Des représentants de la commission d’enquête du Parlement européen sur le logiciel espion Pegasus se sont récemment rendus en Israël et ont appris du personnel de NSO que la société a des contrats actifs avec 12 des 27 membres de l’Union européenne. Les réponses de la société israélienne de cyberguerre aux questions de la commission, qui ont été obtenues par Haaretz, révèlent que la société travaille actuellement avec 22 organisations de sécurité et d’application de la loi dans l’UE.
Des représentants de la commission se sont rendus en Israël ces dernières semaines pour s’informer en profondeur sur l’industrie locale de la cyberguerre et ont eu des discussions avec des employés de NSO, des représentants du ministère de la défense et des experts locaux. Parmi les membres du comité figure un législateur catalan dont le téléphone portable a été piraté par un client de NSO.

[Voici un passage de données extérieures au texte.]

lemma mrank_partial_permutation:
  fixes N :: "'v set \<Rightarrow> 'v set \<Rightarrow> 'a::field"
  assumes "finite P" and "inj_on r P" and inj_c: "inj_on c P"
    and rows: "\<And>p. p \<in> P \<Longrightarrow> finite (r p) \<and> r p \<subseteq> Y"
    and cols: "\<And>p. p \<in> P \<Longrightarrow> finite (c p) \<and> c p \<subseteq> Z"
    and N: "\<And>S T. finite S \<Longrightarrow> S \<subseteq> Y \<Longrightarrow> finite T \<Longrightarrow> T \<subseteq> Z \<Longrightarrow>
              N S T = (if \<exists>p\<in>P. r p = S \<and> c p = T then 1 else 0)"
  shows "mrank Y Z N = card P"
proof -
  define col where "col T = (\<lambda>S. if finite S \<and> S \<subseteq> Y then N S T else 0)" for T
  define units where "units = (\<lambda>R. indicator {R} :: 'v set \<Rightarrow> 'a) ` r ` P"
  have col_c: "col (c p) = indicator {r p}" if "p \<in> P" for p
  proof
    fix S
    have "(\<exists>q\<in>P. r q = S \<and> c q = c p) \<longleftrightarrow> S = r p"
      using inj_c that by (auto dest: inj_onD)
    then show "col (c p) S = indicator {r p} S"
      using N[of S "c p"] rows[OF that] cols[OF that] by (auto simp: col_def)
  qed
  have col_0: "col T = 0" if "finite T" "T \<subseteq> Z" "T \<notin> c ` P" for T
    using N[of _ T] that by (auto simp: col_def fun_eq_iff)
  have cols_in_units: "col ` {T. finite T \<and> T \<subseteq> Z} \<subseteq> insert 0 units"
  proof (rule image_subsetI)
    fix T assume "T \<in> {T. finite T \<and> T \<subseteq> Z}"
    then show "col T \<in> insert 0 units"
      using col_c col_0[of T] by (cases "T \<in> c ` P") (auto simp: units_def)
  qed
  have units_in_cols: "units \<subseteq> col ` {T. finite T \<and> T \<subseteq> Z}"
    using col_c cols by (force simp: units_def)
  have span_eq: "fun_space.span (col ` {T. finite T \<and> T \<subseteq> Z}) = fun_space.span units"
    using fun_space.span_mono[OF cols_in_units] fun_space.span_mono[OF units_in_cols]
    by (simp add: subset_antisym)
  have "mrank Y Z N = fun_space.dim (col ` {T. finite T \<and> T \<subseteq> Z})"
    unfolding mrank_def col_def ..
  also have "\<dots> = fun_space.dim units"
    by (subst (1 2) fun_space.dim_span[symmetric]) (simp only: span_eq)
  also have "\<dots> = card units"
    unfolding units_def by (rule fun_space.dim_eq_card_independent[OF independent_indicator_singletons])
  also have "\<dots> = card P"
    unfolding units_def using \<open>inj_on r P\<close>
    by (simp add: card_image inj_on_def indicator_def fun_eq_iff)
  finally show ?thesis .
qed

text \<open>A path of length m from j to k is stored as a function l with l 0 = j, l m = k,
  inner indices in [n], and zero after m (so that each path has a single representative); it uses the variables
  x^i_{l(i-1) l(i)} for i = 1..m.\<close>

definition paths :: "nat \<Rightarrow> nat \<Rightarrow> nat \<Rightarrow> nat \<Rightarrow> (nat \<Rightarrow> nat) set" where
  "paths n m j k = {l. l 0 = j \<and> l m = k \<and> (\<forall>i. 0 < i \<and> i < m \<longrightarrow> l i \<in> {1..n}) \<and> (\<forall>i>m. l i = 0)}"

definition path_vars :: "nat \<Rightarrow> (nat \<Rightarrow> nat) \<Rightarrow> (nat \<times> nat \<times> nat) set" where
  "path_vars m l = (\<lambda>i. (i, l (i - 1), l i)) ` {1..m}"

lemma finite_path_vars [simp]: "finite (path_vars m l)"
  by (simp add: path_vars_def)

lemma paths_0: "paths n 0 j k = (if j = k then {\<lambda>i. if i = 0 then j else 0} else {})"
  by (auto simp: paths_def fun_eq_iff)

lemma paths_Suc:
  assumes "j \<in> {1..n}"
  shows "paths n (Suc m) j k = (\<lambda>(k', l). l(Suc m := k)) ` (SIGMA k':{1..n}. paths n m j k')"
proof (intro set_eqI iffI)
  fix p assume p: "p \<in> paths n (Suc m) j k"
  have "p m \<in> {1..n}"
    using p assms by (cases m) (auto simp: paths_def)
  moreover have "p(Suc m := 0) \<in> paths n m j (p m)" "p = (p(Suc m := 0))(Suc m := k)"
    using p by (auto simp: paths_def)
  ultimately show "p \<in> (\<lambda>(k', l). l(Suc m := k)) ` (SIGMA k':{1..n}. paths n m j k')"
    by (auto intro!: image_eqI[where x="(p m, p(Suc m := 0))"])
qed (auto simp: paths_def less_Suc_eq)

lemma inj_on_extend_paths:
  "inj_on (\<lambda>(k', l). l(Suc m := k)) (SIGMA k':{1..n}. paths n m j k')"
proof (rule inj_onI, clarify)
  fix k1 l1 k2 l2
  assume "k1 \<in> {1..n}" "l1 \<in> paths n m j k1" "k2 \<in> {1..n}" "l2 \<in> paths n m j k2"
    and eq: "l1(Suc m := k) = l2(Suc m := k)"
  moreover have "l1 = l2"
  proof
    fix i
    show "l1 i = l2 i"
      using fun_cong[OF eq, of i] \<open>l1 \<in> paths n m j k1\<close> \<open>l2 \<in> paths n m j k2\<close>
      by (cases "i = Suc m") (auto simp: paths_def)
  qed
  ultimately show "k1 = k2 \<and> l1 = l2" by (auto simp: paths_def)
qed

lemma finite_paths: "j \<in> {1..n} \<Longrightarrow> finite (paths n m j k)"
  by (induction m arbitrary: k) (simp_all add: paths_0 paths_Suc)

lemma path_vars_extend:
  assumes "l \<in> paths n m j k'"
  shows "path_vars (Suc m) (l(Suc m := k)) = insert (Suc m, k', k) (path_vars m l)"
proof -
  have "path_vars (Suc m) (l(Suc m := k))
      = insert (Suc m, l m, k) ((\<lambda>i. (i, (l(Suc m := k)) (i - 1), (l(Suc m := k)) i)) ` {1..m})"
    unfolding path_vars_def by (simp add: atLeastAtMostSuc_conv)
  also have "(\<lambda>i. (i, (l(Suc m := k)) (i - 1), (l(Suc m := k)) i)) ` {1..m} = path_vars m l"
    unfolding path_vars_def by (rule image_cong) auto
  finally have "path_vars (Suc m) (l(Suc m := k)) = insert (Suc m, l m, k) (path_vars m l)" .
  with assms show ?thesis by (simp add: paths_def)
qed

lemma prod_entry_eq_sum_paths:
  assumes "j \<in> {1..n}"
  shows "(prod_entry n m j k :: (nat \<times> nat \<times> nat, 'a::comm_ring_1) mpoly)
     = (\<Sum>l\<in>paths n m j k. Poly_Mapping.single (indicator_mono (path_vars m l)) 1)"
proof (induction m arbitrary: k)
  case 0
  then show ?case by (simp add: paths_0 path_vars_def indicator_mono_def)
next
  case (Suc m)
  have new_var: "(Suc m, k', k) \<notin> path_vars m l" for k' l
    by (auto simp: path_vars_def)
  have "(\<Sum>l\<in>paths n (Suc m) j k. Poly_Mapping.single (indicator_mono (path_vars (Suc m) l)) (1::'a))
     = (\<Sum>k'\<in>{1..n}. \<Sum>l\<in>paths n m j k'.
          Poly_Mapping.single (indicator_mono (path_vars (Suc m) (l(Suc m := k)))) 1)"
    unfolding paths_Suc[OF assms] sum.reindex[OF inj_on_extend_paths]
    by (simp add: sum.Sigma finite_paths[OF assms] split_def)
  also have "\<dots> = (\<Sum>k'\<in>{1..n}. \<Sum>l\<in>paths n m j k'.
          Poly_Mapping.single (indicator_mono (path_vars m l)) 1 * Var (Suc m, k', k))"
    by (intro sum.cong refl)
      (simp add: path_vars_extend indicator_mono_insert new_var Var_def mult_single add.commute)
  also have "\<dots> = prod_entry n (Suc m) j k"
    by (simp add: Suc sum_distrib_right)
  finally show ?case by simp
qed

lemma card_paths:
  assumes "m \<ge> 1"
  shows "card (paths n m j k) = n ^ (m - 1)"
proof -
  have "bij_betw (\<lambda>l. restrict l {1..<m}) (paths n m j k) (PiE {1..<m} (\<lambda>_. {1..n}))"
  proof (rule bij_betw_imageI)
    show "inj_on (\<lambda>l. restrict l {1..<m}) (paths n m j k)"
    proof (rule inj_onI, rule ext)
      fix l l' i
      assume "l \<in> paths n m j k" "l' \<in> paths n m j k" and eq: "restrict l {1..<m} = restrict l' {1..<m}"
      then show "l i = l' i"
      proof (cases "0 < i \<and> i < m")
        case True
        then show ?thesis using fun_cong[OF eq, of i] by simp
      qed (auto simp: paths_def not_less_iff_gr_or_eq)
    qed
    show "(\<lambda>l. restrict l {1..<m}) ` paths n m j k = PiE {1..<m} (\<lambda>_. {1..n})"
    proof (intro set_eqI iffI)
      fix f assume f: "f \<in> PiE {1..<m} (\<lambda>_. {1..n})"
      define l where "l i = (if i = 0 then j else if i = m then k else if i < m then f i else 0)" for i
      have "l \<in> paths n m j k" using f assms by (auto simp: paths_def l_def)
      moreover have "restrict l {1..<m} = f"
        using f by (auto simp: l_def PiE_def extensional_def)
      ultimately show "f \<in> (\<lambda>l. restrict l {1..<m}) ` paths n m j k" by blast
    qed (auto simp: paths_def)
  qed
  then show ?thesis by (simp add: bij_betw_same_card card_PiE)
qed

text \<open>Every inner index l t (0 < t < m) occurs in the variables of layers t and t + 1, so a path is
  recovered from its variables in any set of layers containing one of every two consecutive ones.\<close>

lemma inj_on_path_vars_layers:
  assumes cover: "\<And>t. 0 < t \<Longrightarrow> t < m \<Longrightarrow> Q t \<or> Q (Suc t)"
  shows "inj_on (\<lambda>l. path_vars m l \<inter> {x. Q (fst x)}) (paths n m j k)"
proof (rule inj_onI, rule ext)
  fix l l' t
  assume l: "l \<in> paths n m j k" and l': "l' \<in> paths n m j k"
    and eq: "path_vars m l \<inter> {x. Q (fst x)} = path_vars m l' \<inter> {x. Q (fst x)}"
  have layer: "(i, l (i - 1), l i) \<in> path_vars m l'" if "Q i" "1 \<le> i" "i \<le> m" for i
  proof -
    have "(i, l (i - 1), l i) \<in> path_vars m l \<inter> {x. Q (fst x)}"
      using that by (auto simp: path_vars_def)
    then show ?thesis using eq by blast
  qed
  show "l t = l' t"
  proof (cases "0 < t \<and> t < m")
    case True
    with cover consider "Q t" | "Q (Suc t)" by blast
    then show ?thesis
    proof cases
      case 1
      then show ?thesis using layer[of t] True by (auto simp: path_vars_def)
    next
      case 2
      then show ?thesis using layer[of "Suc t"] True by (auto simp: path_vars_def)
    qed
  next
    case False
    then show ?thesis using l l' by (auto simp: paths_def not_less_iff_gr_or_eq)
  qed
qed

La commission d’enquête a été créée après la publication du projet Pegasus l’année dernière, et son objectif est de créer une réglementation européenne globale sur l’acquisition, l’importation et l’utilisation de logiciels de cyberguerre tels que Pegasus. Mais pendant que les membres de la commission se trouvaient en Israël, et surtout depuis leur retour à Bruxelles, il a été révélé qu’en Europe, il existe également une industrie de la cyberguerre bien développée - et que nombre de ses clients sont des pays européens.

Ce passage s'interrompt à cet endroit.